Extract from ABC News
Northern Australia's annual wet season seems to have gone missing in action with cattle stations across the Top End starting to stress.
Key points:
- Cattle stations across large parts of northern Australia are battling with a 'disappointing' wet season
- This February was one of the Top End's driest on record
- All eyes on the MJO next week and whether it can deliver a much needed monsoonal burst
Last month was one of the north's driest Februarys on record and this month is looking just as bad.
"The wet season can only be described as disappointing," said cattle producer Justin Dyer from Hayfield Station in the Northern Territory.
"We thought with the La Niña weather system we'd get at least an average wet season but it's as dry as I've seen it here [at this time of year].
"So we've started mustering to take advantage of the good cattle prices and bunker down to what's probably going to be a tough end to the dry season."
Mr Dyer said Hayfield Station had received just under 225 millimetres since October and that most cattle producers in the Top End were "well under half their average rainfall".
"I worry about our feed costs, it's going to be pretty massive this year," he said.
Nearby at Hidden Valley Station, cattleman Roley James said there were already a bunch of Top End stations fighting bushfires and pumping a lot of water for stock.

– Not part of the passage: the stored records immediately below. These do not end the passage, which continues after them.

lemma Moebius_function_comp_has_field_derivative:
  assumes d: "(\<phi> has_field_derivative d) (at z)" and w: "cmod (\<phi> z) < 1"
  shows "((\<lambda>x. Moebius_function 0 (\<phi> z) (\<phi> x)) has_field_derivative d / (1 - cmod (\<phi> z) ^ 2)) (at z)"
proof -
  define w where "w = \<phi> z"
  have "cnj w * w = of_real (cmod w ^ 2)"
    by (metis complex_norm_square mult.commute of_real_power)
  then have ww: "1 - cnj w * w = of_real (1 - cmod w ^ 2)"
    by simp
  have "cmod w ^ 2 < 1"
    using w by (simp add: w_def abs_square_less_1)
  then have nz: "1 - cnj w * w \<noteq> 0"
    unfolding ww of_real_eq_0_iff by linarith
  show ?thesis
    unfolding Moebius_function_simple w_def[symmetric] ww[symmetric]
  proof (rule DERIV_cong)
    show "((\<lambda>x. (\<phi> x - w) / (1 - cnj w * \<phi> x)) has_field_derivative
        (d * (1 - cnj w * \<phi> z) - (\<phi> z - w) * (- (cnj w * d))) / ((1 - cnj w * \<phi> z) * (1 - cnj w * \<phi> z))) (at z)"
      using nz d unfolding w_def by (intro DERIV_divide derivative_eq_intros refl) auto
    show "(d * (1 - cnj w * \<phi> z) - (\<phi> z - w) * (- (cnj w * d))) / ((1 - cnj w * \<phi> z) * (1 - cnj w * \<phi> z))
        = d / (1 - cnj w * w)"
      using nz by (simp add: w_def)
  qed
qed
text \<open>The constant \<open>K \<ge> 3\<close> survives summation because the cross term of the fourth moment
  of \<open>A + B\<close> is \<open>6 E[A\<^sup>2] E[B\<^sup>2] \<le> 2K E[A\<^sup>2] E[B\<^sup>2]\<close>.\<close>

lemma sum_indep_moments:
  fixes Y :: "'j \<Rightarrow> 'a \<Rightarrow> real"
  assumes "finite J"
    and indep: "\<And>j J'. j \<in> J \<Longrightarrow> J' \<subseteq> J \<Longrightarrow> j \<notin> J' \<Longrightarrow>
      indep_var borel (\<lambda>\<omega>. \<Sum>l\<in>J'. Y l \<omega>) borel (Y j)"
    and int: "\<And>j k. j \<in> J \<Longrightarrow> integrable M (\<lambda>\<omega>. Y j \<omega> ^ k)"
    and mean: "\<And>j. j \<in> J \<Longrightarrow> expectation (Y j) = 0"
    and fourth: "\<And>j. j \<in> J \<Longrightarrow>
      expectation (\<lambda>\<omega>. Y j \<omega> ^ 4) \<le> K * (expectation (\<lambda>\<omega>. Y j \<omega> ^ 2))\<^sup>2"
    and "3 \<le> K"
  shows "(\<forall>k\<le>4. integrable M (\<lambda>\<omega>. (\<Sum>j\<in>J. Y j \<omega>) ^ k)) \<and>
    expectation (\<lambda>\<omega>. \<Sum>j\<in>J. Y j \<omega>) = 0 \<and>
    expectation (\<lambda>\<omega>. (\<Sum>j\<in>J. Y j \<omega>) ^ 2) = (\<Sum>j\<in>J. expectation (\<lambda>\<omega>. Y j \<omega> ^ 2)) \<and>
    expectation (\<lambda>\<omega>. (\<Sum>j\<in>J. Y j \<omega>) ^ 4) \<le> K * (\<Sum>j\<in>J. expectation (\<lambda>\<omega>. Y j \<omega> ^ 2))\<^sup>2"
  using \<open>finite J\<close> subset_refl[of J]
proof (induction J rule: finite_subset_induct')
  case empty
  then show ?case by simp
next
  case (insert a F)
  define A where "A = (\<lambda>\<omega>. \<Sum>j\<in>F. Y j \<omega>)"
  define s where "s = (\<Sum>j\<in>F. expectation (\<lambda>\<omega>. Y j \<omega> ^ 2))"
  define v where "v = expectation (\<lambda>\<omega>. Y a \<omega> ^ 2)"
  have IH: "\<forall>k\<le>4. integrable M (\<lambda>\<omega>. A \<omega> ^ k)" "expectation A = 0"
    "expectation (\<lambda>\<omega>. A \<omega> ^ 2) = s" "expectation (\<lambda>\<omega>. A \<omega> ^ 4) \<le> K * s\<^sup>2"
    using insert.IH by (simp_all add: A_def s_def)
  have "indep_var borel A borel (Y a)"
    unfolding A_def using insert by (intro indep) auto
  note step = indep_add_moments[OF this IH(1) int IH(2) mean, OF insert(2) insert(2)]
  have "s \<ge> 0" "v \<ge> 0"
    unfolding s_def v_def by (auto intro!: sum_nonneg integral_nonneg_AE)
  then have "6 * s * v \<le> 2 * K * s * v"
    using \<open>3 \<le> K\<close> by (simp add: mult_right_mono)
  then have "expectation (\<lambda>\<omega>. (A \<omega> + Y a \<omega>) ^ 4) \<le> K * (s + v)\<^sup>2"
    using step(4) IH(3,4) fourth[OF insert(2)] by (simp add: v_def power2_eq_square algebra_simps)
  moreover have "(\<Sum>j\<in>insert a F. Y j \<omega>) = A \<omega> + Y a \<omega>" for \<omega>
    using insert by (simp add: A_def add.commute)
  moreover have "(\<Sum>j\<in>insert a F. expectation (\<lambda>\<omega>. Y j \<omega> ^ 2)) = s + v"
    using insert by (simp add: s_def v_def)
  ultimately show ?case
    using step(1-3) IH(3) by (simp add: v_def)
qed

"I don't think we've seen a wet season quite like this one," he said.
Thirsty crops
Around Katherine, mango grower Mitchael Curtis said his farm had recorded about 60 millimetres since the start of February.
"We've had to keep watering our mango trees throughout the wet season. Normally we don't need to turn the pump on," he said.
Meanwhile, thousands of hectares of the NT's dry-land cotton is also feeling the stress of a poor wet season.
After a promising start, growers in the Daly and Katherine regions are now in need of decent rain to finish off the crop, due to be harvested around June.
Is this the last chance?
Northern Australia's wet season traditionally stretches from October 1 to April 30, so time is running out.
The north's best chance for a monsoonal burst appears to be in the next fortnight with the Madden Julian Oscillation (MJO) forecast to move into the region.
Senior climatologist at the Bureau of Meteorology, Greg Browning, said a lot of good rain-producing systems "had gone AWOL" this wet season.
"We are obviously getting towards the end of the wet season but there's still some hope, " he said.
"We have seen the MJO strengthen in recent days and it's forecast to move over our region which increases the chances of rainfall.
"Some of the climate models are suggesting it could be quite wet across much of the Territory over the next month or so, but it's still a little far out to say whether we will see a monsoon flow make its way into the NT and down into those [cattle stations] that have seen such dry conditions."